Премьера в Москве - его ход конем. В случае успеха в столице театр мог рассчитывать и на терпимое отношение ленинградского партийного начальства, с которым у худрука были проблемы.

И поначалу все складывалось как нельзя лучше. Гастроли утверждены, пьеса не просто блестяще принята, но и с благословения идеологического руководства размножена Всесоюзным управлением по охране авторских прав, благодаря чему автору посыпались предложения поставить «Дракона» от нескольких ведущих театров страны. В частности, пьесой серьезно заинтересовался Вахтанговский, Камерный, а также театры Охлопкова и Завадского.

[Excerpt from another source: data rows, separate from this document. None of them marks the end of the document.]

(* (Passivity of the Soft-PVTOL.) Let $m,m_l,m_r,I,I_l,I_r,l_l,l_r,g_0>0$, let $\tau:[0,T]\to\mathbb{R}^5$ be continuous, and let $\mathbf{q}:[0,T]\to\mathbb{R}^5$ be a $C^2$ solution of $D(\mathbf{q})\ddot{\mathbf{q}}+C(\mathbf{q},\dot{\mathbf{q}})\dot{\mathbf{q}}+g(\mathbf{q})=\tau$. Let $H=\frac12\dot{\mathbf{q}}^{\intercal}D(\mathbf{q})\dot{\mathbf{q}}+\mathcal{P}(\mathbf{q})$ with $\mathcal{P}(\mathbf{q})=g_0\big(\Theta_1z_v+m_ll_l\frac{1-\cos q_l}{q_l}+m_rl_r\frac{1-\cos q_r}{q_r}\big)$. Then $\frac{d}{dt}H(t)=\dot{\mathbf{q}}(t)^{\intercal}\tau(t)$ for all $t\in[0,T]$; consequently $\int_0^T\dot{\mathbf{q}}^{\intercal}\tau\,dt=H(T)-H(0)\ge -H(0)+\min\mathcal{P}$ along the solution, i.e. the map $\tau\mapsto\dot{\mathbf{q}}$ is passive with storage function $H$ (up to the lower bound of $\mathcal{P}$ on the relevant set).
   Context: Coordinates $\mathbf{q}=(x_v,z_v,\theta,q_l,q_r)^{\intercal}$. Quotients are extended continuously at $q_l=0$ or $q_r=0$ (removable singularities). Set $\Theta_1=m+m_l+m_r$, $\Theta_2=I$, $\Theta_3=l_lm_l$, $\Theta_4=l_rm_r$, $\Theta_5=I_l$, $\Theta_6=I_r$. $\mathscr{D}_1=\frac{\sin q_l-q_l\cos q_l}{q_l^2}$, $\mathscr{D}_2=\frac{\cos q_l+q_l\sin q_l-1}{q_l^2}$, $\mathscr{D}_3=\frac{q_r\cos q_r-\sin q_r}{q_r^2}$, $\mathscr{D}_4=\frac{\cos q_r+q_r\sin q_r-1}{q_r^2}$, $\mathscr{D}_5=\frac{q_l^2+2-2\cos q_l-2q_l\sin q_l}{q_l^4}$, $\mathscr{D}_6=\frac{q_r^2+2-2\cos q_r-2q_r\sin q_r}{q_r^4}$. $$D(\mathbf{q})=\begin{pmatrix}\Theta_1&0&0&\Theta_3\mathscr{D}_1&\Theta_4\mathscr{D}_3\\0&\Theta_1&0&\Theta_3\mathscr{D}_2&\Theta_4\mathscr{D}_4\\0&0&\Theta_2&0&0\\\Theta_3\mathscr{D}_1&\Theta_3\mathscr{D}_2&0&l_l\Theta_3\mathscr{D}_5+\Theta_5&0\\\Theta_4\mathscr{D}_3&\Theta_4\mathscr{D}_4&0&0&l_r\Theta_4\mathscr{D}_6+\Theta_6\end{pmatrix}.$$ $\mathscr{C}_1=\frac{(q_l^2-2)\sin q_l+2q_l\cos q_l}{q_l^3}$, $\mathscr{C}_2=\frac{(q_l^2-2)\cos q_l-2q_l\sin q_l+2}{q_l^3}$, $\mathscr{C}_3=\frac{(q_r^2-2)\sin q_r+2q_r\cos q_r}{q_r^3}$, $\mathscr{C}_4=\frac{(q_r^2-2)\cos q_r-2q_r\sin q_r+2}{q_r^3}$, $\mathscr{C}_5=\frac{(q_l\cos(q_l/2)-2\sin(q_l/2))^2}{q_l^5}$, $\mathscr{C}_6=\frac{(q_r\cos(q_r/2)-2\sin(q_r/2))^2}{q_r^5}$. $$C(\mathbf{q},\dot{\mathbf{q}})=\begin{pmatrix}0&0&0&\Theta_3\mathscr{C}_1\dot q_l&-\Theta_4\mathscr{C}_3\dot q_r\\0&0&0&\Theta_3\mathscr{C}_2\dot q_l&\Theta_4\mathscr{C}_4\dot q_r\\0&0&0&0&0\\0&0&0&-2l_l\Theta_3\mathscr{C}_5\dot q_l&0\\0&0&0&0&-2l_r\Theta_4\mathscr{C}_6\dot q_r\end{pmatrix}.$$ $$g(\mathbf{q})=\Big(0,\ g_0\Theta_1,\ 0,\ g_0m_ll_l\tfrac{q_l\sin q_l+\cos q_l-1}{q_l^2},\ g_0m_rl_r\tfrac{q_r\sin q_r+\cos q_r-1}{q_r^2}\Big)^{\intercal}.$$ *)

theory Defs
  imports "HOL-Analysis.Analysis"
begin

text \<open>Coordinates q = (x_v, z_v, theta, q_l, q_r) in real^5, with
  components q$1, ..., q$5 (built with the library constructor vector [_,_,_,_,_]).
  The quotients are extended continuously at q_l = 0 / q_r = 0 (values given by the limits).\<close>

definition Dc1 :: "real \<Rightarrow> real" where
  "Dc1 x = (if x = 0 then 0 else (sin x - x * cos x) / x^2)"
definition Dc2 :: "real \<Rightarrow> real" where
  "Dc2 x = (if x = 0 then 1/2 else (cos x + x * sin x - 1) / x^2)"
definition Dc3 :: "real \<Rightarrow> real" where
  "Dc3 x = (if x = 0 then 0 else (x * cos x - sin x) / x^2)"
definition Dc4 :: "real \<Rightarrow> real" where
  "Dc4 x = (if x = 0 then 1/2 else (cos x + x * sin x - 1) / x^2)"
definition Dc5 :: "real \<Rightarrow> real" where
  "Dc5 x = (if x = 0 then 1/4 else (x^2 + 2 - 2 * cos x - 2 * x * sin x) / x^4)"
definition Dc6 :: "real \<Rightarrow> real" where
  "Dc6 x = (if x = 0 then 1/4 else (x^2 + 2 - 2 * cos x - 2 * x * sin x) / x^4)"

definition Cc1 :: "real \<Rightarrow> real" where
  "Cc1 x = (if x = 0 then 1/3 else ((x^2 - 2) * sin x + 2 * x * cos x) / x^3)"
definition Cc2 :: "real \<Rightarrow> real" where
  "Cc2 x = (if x = 0 then 0 else ((x^2 - 2) * cos x - 2 * x * sin x + 2) / x^3)"
definition Cc3 :: "real \<Rightarrow> real" where
  "Cc3 x = (if x = 0 then 1/3 else ((x^2 - 2) * sin x + 2 * x * cos x) / x^3)"
definition Cc4 :: "real \<Rightarrow> real" where
  "Cc4 x = (if x = 0 then 0 else ((x^2 - 2) * cos x - 2 * x * sin x + 2) / x^3)"
definition Cc5 :: "real \<Rightarrow> real" where
  "Cc5 x = (if x = 0 then 0 else (x * cos (x/2) - 2 * sin (x/2))^2 / x^5)"
definition Cc6 :: "real \<Rightarrow> real" where
  "Cc6 x = (if x = 0 then 0 else (x * cos (x/2) - 2 * sin (x/2))^2 / x^5)"

definition Gq :: "real \<Rightarrow> real" where
  "Gq x = (if x = 0 then 1/2 else (x * sin x + cos x - 1) / x^2)"
definition Pq :: "real \<Rightarrow> real" where
  "Pq x = (if x = 0 then 0 else (1 - cos x) / x)"

definition Dmat :: "real \<Rightarrow> real \<Rightarrow> real \<Rightarrow> real \<Rightarrow> real \<Rightarrow> real \<Rightarrow> real \<Rightarrow> real
    \<Rightarrow> real^5 \<Rightarrow> real^5^5" where
  "Dmat m ml mr I Il Ir ll lr q =
    (let Th1 = m + ml + mr; Th2 = I; Th3 = ll * ml; Th4 = lr * mr; Th5 = Il; Th6 = Ir;
         ql = q$4; qr = q$5 in
     vector [
       vector [Th1, 0, 0, Th3 * Dc1 ql, Th4 * Dc3 qr],
       vector [0, Th1, 0, Th3 * Dc2 ql, Th4 * Dc4 qr],
       vector [0, 0, Th2, 0, 0],
       vector [Th3 * Dc1 ql, Th3 * Dc2 ql, 0, ll * Th3 * Dc5 ql + Th5, 0],
       vector [Th4 * Dc3 qr, Th4 * Dc4 qr, 0, 0, lr * Th4 * Dc6 qr + Th6]])"

definition Cmat :: "real \<Rightarrow> real \<Rightarrow> real \<Rightarrow> real \<Rightarrow> real \<Rightarrow> real \<Rightarrow> real \<Rightarrow> real
    \<Rightarrow> real^5 \<Rightarrow> real^5 \<Rightarrow> real^5^5" where
  "Cmat m ml mr I Il Ir ll lr q dq =
    (let Th3 = ll * ml; Th4 = lr * mr; ql = q$4; qr = q$5; dql = dq$4; dqr = dq$5 in
     vector [
       vector [0, 0, 0, Th3 * Cc1 ql * dql, - Th4 * Cc3 qr * dqr],
       vector [0, 0, 0, Th3 * Cc2 ql * dql, Th4 * Cc4 qr * dqr],
       vector [0, 0, 0, 0, 0],
       vector [0, 0, 0, -2 * ll * Th3 * Cc5 ql * dql, 0],
       vector [0, 0, 0, 0, -2 * lr * Th4 * Cc6 qr * dqr]])"

definition gvec :: "real \<Rightarrow> real \<Rightarrow> real \<Rightarrow> real \<Rightarrow> real \<Rightarrow> real
    \<Rightarrow> real^5 \<Rightarrow> real^5" where
  "gvec m ml mr ll lr g0 q =
    vector [0, g0 * (m + ml + mr), 0, g0 * ml * ll * Gq (q$4), g0 * mr * lr * Gq (q$5)]"

definition Pot :: "real \<Rightarrow> real \<Rightarrow> real \<Rightarrow> real \<Rightarrow> real \<Rightarrow> real \<Rightarrow> real^5 \<Rightarrow> real" where
  "Pot m ml mr ll lr g0 q =
    g0 * ((m + ml + mr) * q$2 + ml * ll * Pq (q$4) + mr * lr * Pq (q$5))"

definition Ham :: "real \<Rightarrow> real \<Rightarrow> real \<Rightarrow> real \<Rightarrow> real \<Rightarrow> real \<Rightarrow> real \<Rightarrow> real \<Rightarrow> real
    \<Rightarrow> real^5 \<Rightarrow> real^5 \<Rightarrow> real" where
  "Ham m ml mr I Il Ir ll lr g0 q dq =
    1/2 * (dq \<bullet> (Dmat m ml mr I Il Ir ll lr q *v dq)) + Pot m ml mr ll lr g0 q"

end

theory Submission
  imports Defs "HOL-Real_Asymp.Real_Asymp"
begin

text \<open>The coefficient functions extend smoothly through \<open>0\<close> and satisfy
  \<open>Dc1' = Cc1\<close>, \<open>Dc2' = Cc2\<close>, \<open>Dc5' = -4 Cc5\<close>, \<open>Pq' = Gq\<close>, while the right-hand
  ones repeat the left-hand ones (\<open>Dc3 = -Dc1\<close>, \<open>Dc4 = Dc2\<close>, \<open>Dc6 = Dc5\<close>, ...).
  With these, \<open>v\<^sup>T (D'/2 - C) v = 0\<close> for the velocity \<open>v\<close> and \<open>d/dt P(q) = v\<^sup>T g(q)\<close>, so
  along every trajectory \<open>dH/dt = v\<^sup>T (D q'' + C v + g)\<close>, which is \<open>v\<^sup>T \<tau>\<close> along
  solutions; the fundamental theorem of calculus then gives the integral identity.
  Since \<open>Dc5 = Dc1\<^sup>2 + Dc2\<^sup>2\<close>, the kinetic energy is a mass-weighted sum of squares,
  whence \<open>H \<ge> P(q) \<ge> inf P\<close>.\<close>

lemma has_real_derivative_removable_singularity:
  fixes f g :: "real \<Rightarrow> real"
  assumes f_eq: "\<And>x. x \<noteq> 0 \<Longrightarrow> f x = g x"
    and g_deriv: "\<And>x. x \<noteq> 0 \<Longrightarrow> (g has_real_derivative g' x) (at x)"
    and quotient_lim: "((\<lambda>x. (g x - f 0) / x) \<longlongrightarrow> d) (at 0)"
  shows "(f has_real_derivative (if x = 0 then d else g' x)) (at x)"
proof (cases "x = 0")
  case True
  have "((\<lambda>y. (f y - f 0) / (y - 0)) \<longlongrightarrow> d) (at 0)"
    using quotient_lim by (rule Lim_transform_eventually) (auto simp: eventually_at_filter f_eq)
  then show ?thesis using True by (simp add: has_field_derivative_iff)
next
  case False
  have "(f has_real_derivative g' x) (at x)"
    using g_deriv[OF False]
    by (rule has_field_derivative_transform_within_open[where S="-{0}"]) (use False f_eq in auto)
  then show ?thesis using False by simp
qed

Вот тут-то и вышла серьезная неприятность.

Е. Л. Шварц

Привет от «первого ученика»

К несчастью, пьесой заинтересовался писатель Сергей Бородин, автор нескольких исторических романов (самый известный из них – «Дмитрий Донской», за который он и был удостоен Сталинской премии). К тому же он считался знатоком в области юго-восточной фольклористики. Была у него и еще одна заслуга перед отечественной культурой: он, по свидетельству драматурга Александра Гладкова, принял посильное участие в трагической судьбе Осипа Мандельштама.

О Бородине в дневнике того же Гладкова сказано: «Вообще, был подлецом, но скрывал это». Может, и скрывал, но это не всегда ему удавалось. По крайней мере, не в том случае, когда он поспешил с рецензией на пьесу «Дракон».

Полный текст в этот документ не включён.